Это была первая из растянувшейся на четыре года серии воздушных террористических операций, запланированных и осуществленных группами Хабаша, Хаватме и Джибриля. Целью этих операций было блокировать Израиль на суше и в воздухе, уничтожать израильтян, где только удастся и как только возможно, и доказать им их уязвимость даже на их собственной территории.
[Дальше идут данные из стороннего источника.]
lemma tr_smult: assumes f: "f \<in> Hom C W W" shows "tr C W (a \<star> f) = a \<star> tr C W f"
proof -
  have fW: "f \<otimes> ide C (dual C W) \<in> Hom C (W \<squnion> dual C W) (W \<squnion> dual C W)"
    using tensor_in_Hom[OF f ide_in_Hom] by simp
  show ?thesis unfolding tr_def
    using tensor_smult_left[OF f ide_in_Hom, of a "dual C W"] comp_smult_left[OF coev_in_Hom fW]
      comp_smult_right[OF comp_in_Hom[OF coev_in_Hom fW] braid_in_Hom]
      comp_smult_right[OF comp_in_Hom[OF comp_in_Hom[OF coev_in_Hom fW] braid_in_Hom] evm_in_Hom]
    by simp
qed

end

section \<open>The trace pairing\<close>

locale evaluated_cat =
  fixes C :: "('o, 'm, 'k::comm_ring_1) lincat" and ev :: "'m \<Rightarrow> 'k"
  assumes setting: "setting C ev"
begin

sublocale linear_rigid_symmetric_cat C
  using setting unfolding setting_def by unfold_locales auto

lemma ev_add: "f \<in> Hom C \<I> \<I> \<Longrightarrow> g \<in> Hom C \<I> \<I> \<Longrightarrow> ev (f \<oplus> g) = ev f + ev g"
  using setting unfolding setting_def by simp
lemma ev_smult: "f \<in> Hom C \<I> \<I> \<Longrightarrow> ev (a \<star> f) = a * ev f"
  using setting unfolding setting_def by simp

abbreviation pair :: "'o \<Rightarrow> 'm \<Rightarrow> 'm \<Rightarrow> 'k" where "pair W S f \<equiv> pairing C ev W S f"

lemma pairing_add_right:
  assumes "f \<in> Hom C W W'" "g \<in> Hom C W W'" "S \<in> Hom C W' W"
  shows "pair W S (f \<oplus> g) = pair W S f + pair W S g"
  using assms unfolding pairing_def
  by (simp add: comp_add_right tr_add comp_in_Hom ev_add tr_in_Hom)

lemma pairing_smult_right:
  assumes "f \<in> Hom C W W'" "S \<in> Hom C W' W"
  shows "pair W S (a \<star> f) = a * pair W S f"
  using assms unfolding pairing_def
  by (simp add: comp_smult_right tr_smult comp_in_Hom ev_smult tr_in_Hom)

lemma pairing_msum_right:
  "S \<in> Hom C W' W \<Longrightarrow> set xs \<subseteq> Hom C W W' \<Longrightarrow> pair W S (msum C W W' xs) = sum_list (map (pair W S) xs)"
  using additive_msum[where L = "pair W S"] pairing_add_right
    pairing_smult_right[OF zero_in_Hom, where a = 0] smult_zero[OF zero_in_Hom] by simp

lemma pairing_lincomb_right:
  "S \<in> Hom C W' W \<Longrightarrow> set bs \<subseteq> Hom C W W' \<Longrightarrow> length cs = length bs \<Longrightarrow>
   pair W S (lincomb C W W' cs bs) = (\<Sum>t<length bs. cs ! t * pair W S (bs ! t))"
  by (rule linear_lincomb) (auto simp: pairing_add_right pairing_smult_right)

lemma pairing_comp_left:
  "f \<in> Hom C W W' \<Longrightarrow> h \<in> Hom C W' W'' \<Longrightarrow> S \<in> Hom C W'' W \<Longrightarrow> pair W S (h \<cdot> f) = pair W (S \<cdot> h) f"
  unfolding pairing_def by (simp add: comp_assoc)

lemma pairing_comp_right:
  assumes f: "f \<in> Hom C W W'" and h: "h \<in> Hom C V W" and S: "S \<in> Hom C W' V"
  shows "pair V S (f \<cdot> h) = pair W (h \<cdot> S) f"
proof -
  have "tr C V (S \<cdot> f \<cdot> h) = tr C V ((S \<cdot> f) \<cdot> h)" using comp_assoc[OF h f S] by simp
  also have "\<dots> = tr C W (h \<cdot> S \<cdot> f)" using tr_commute[OF h comp_in_Hom[OF f S]] .
  finally show ?thesis unfolding pairing_def using comp_assoc[OF f S h] by simp
qed

lemma pairing_commute: "S \<in> Hom C W' W \<Longrightarrow> f \<in> Hom C W W' \<Longrightarrow> pair W S f = pair W' f S"
  unfolding pairing_def using tr_commute[of f W W' S] by simp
Такое положение было бы нетерпимо для любой страны. Израиль должен был ответить. С этого момента события приняли характер необъявленной войны: палестинский удар — израильский ответ — новый удар — новый ответ. Через пять месяцев после римского похищения двое террористов Хабаша атаковали израильский самолет на летном поле в Афинах: один пассажир был убит, две стюардессы получили легкие ранения. Четыре дня спустя израильские вертолеты высадили группу десантников в бейрутском аэропорту. Пока их командир, полковник Рафаэль Эйтан, проследовал в зал ожидания, где попросил у буфетчицы чашечку кофе, десантники методично и неторопливо уничтожали все арабские самолеты, стоявшие на летном поле. Допив кофе, Эйтан вышел из зала ожидания, осмотрел догорающие фюзеляжи и, удовлетворившись результатами операции, скомандовал возвращение. Вертолеты с десантниками ушли в сторону Израиля. На следующий день арабская печать истерически взвыла, и этот вой продолжался до тех пор, пока не сменился воплями восторга в адрес террористов, которые в начале февраля 1969 года атаковали израильский самолет в Цюрихе. Атакующие были встречены огнем мосадовских агентов, с недавнего времени защищавших все израильские самолеты, и покушение удалось сорвать. Но в августе террористы сумели похитить и посадить в Сирии самолет авиакомпании «Тивиэй», следовавший на Израиль, и с этого момента успех изменил израильтянам. В сентябре были брошены бомбы в израильские посольства в Гааге и Бонне, в ноябре бомба взорвалась в очереди к стойке «Эль-Аль» в Афинах, а в феврале следующего, 1970 года была атакована стойка «Эль-Аль» в Мюнхене. В тот же день был взорван в воздухе — вместе со всеми пассажирами — следовавший в Израиль швейцарский самолет и была предпринята попытка взорвать самолет австрийских авиалиний, следовавший аналогичным рейсом. В мае было захвачено израильское посольство в Бангкоке. На сей раз израильтяне проявили предельную твердость, и террористы сдались, освободив заложников. Но в июле они взяли реванш, похитив самолет авиакомпании «Олимпик», а в сентябре добились самого впечатляющего за три года этой необъявленной войны успеха, похитив и посадив в Иорданской пустыне одновременно три авиалайнера, общее количество пассажиров на которых превышало четыреста человек.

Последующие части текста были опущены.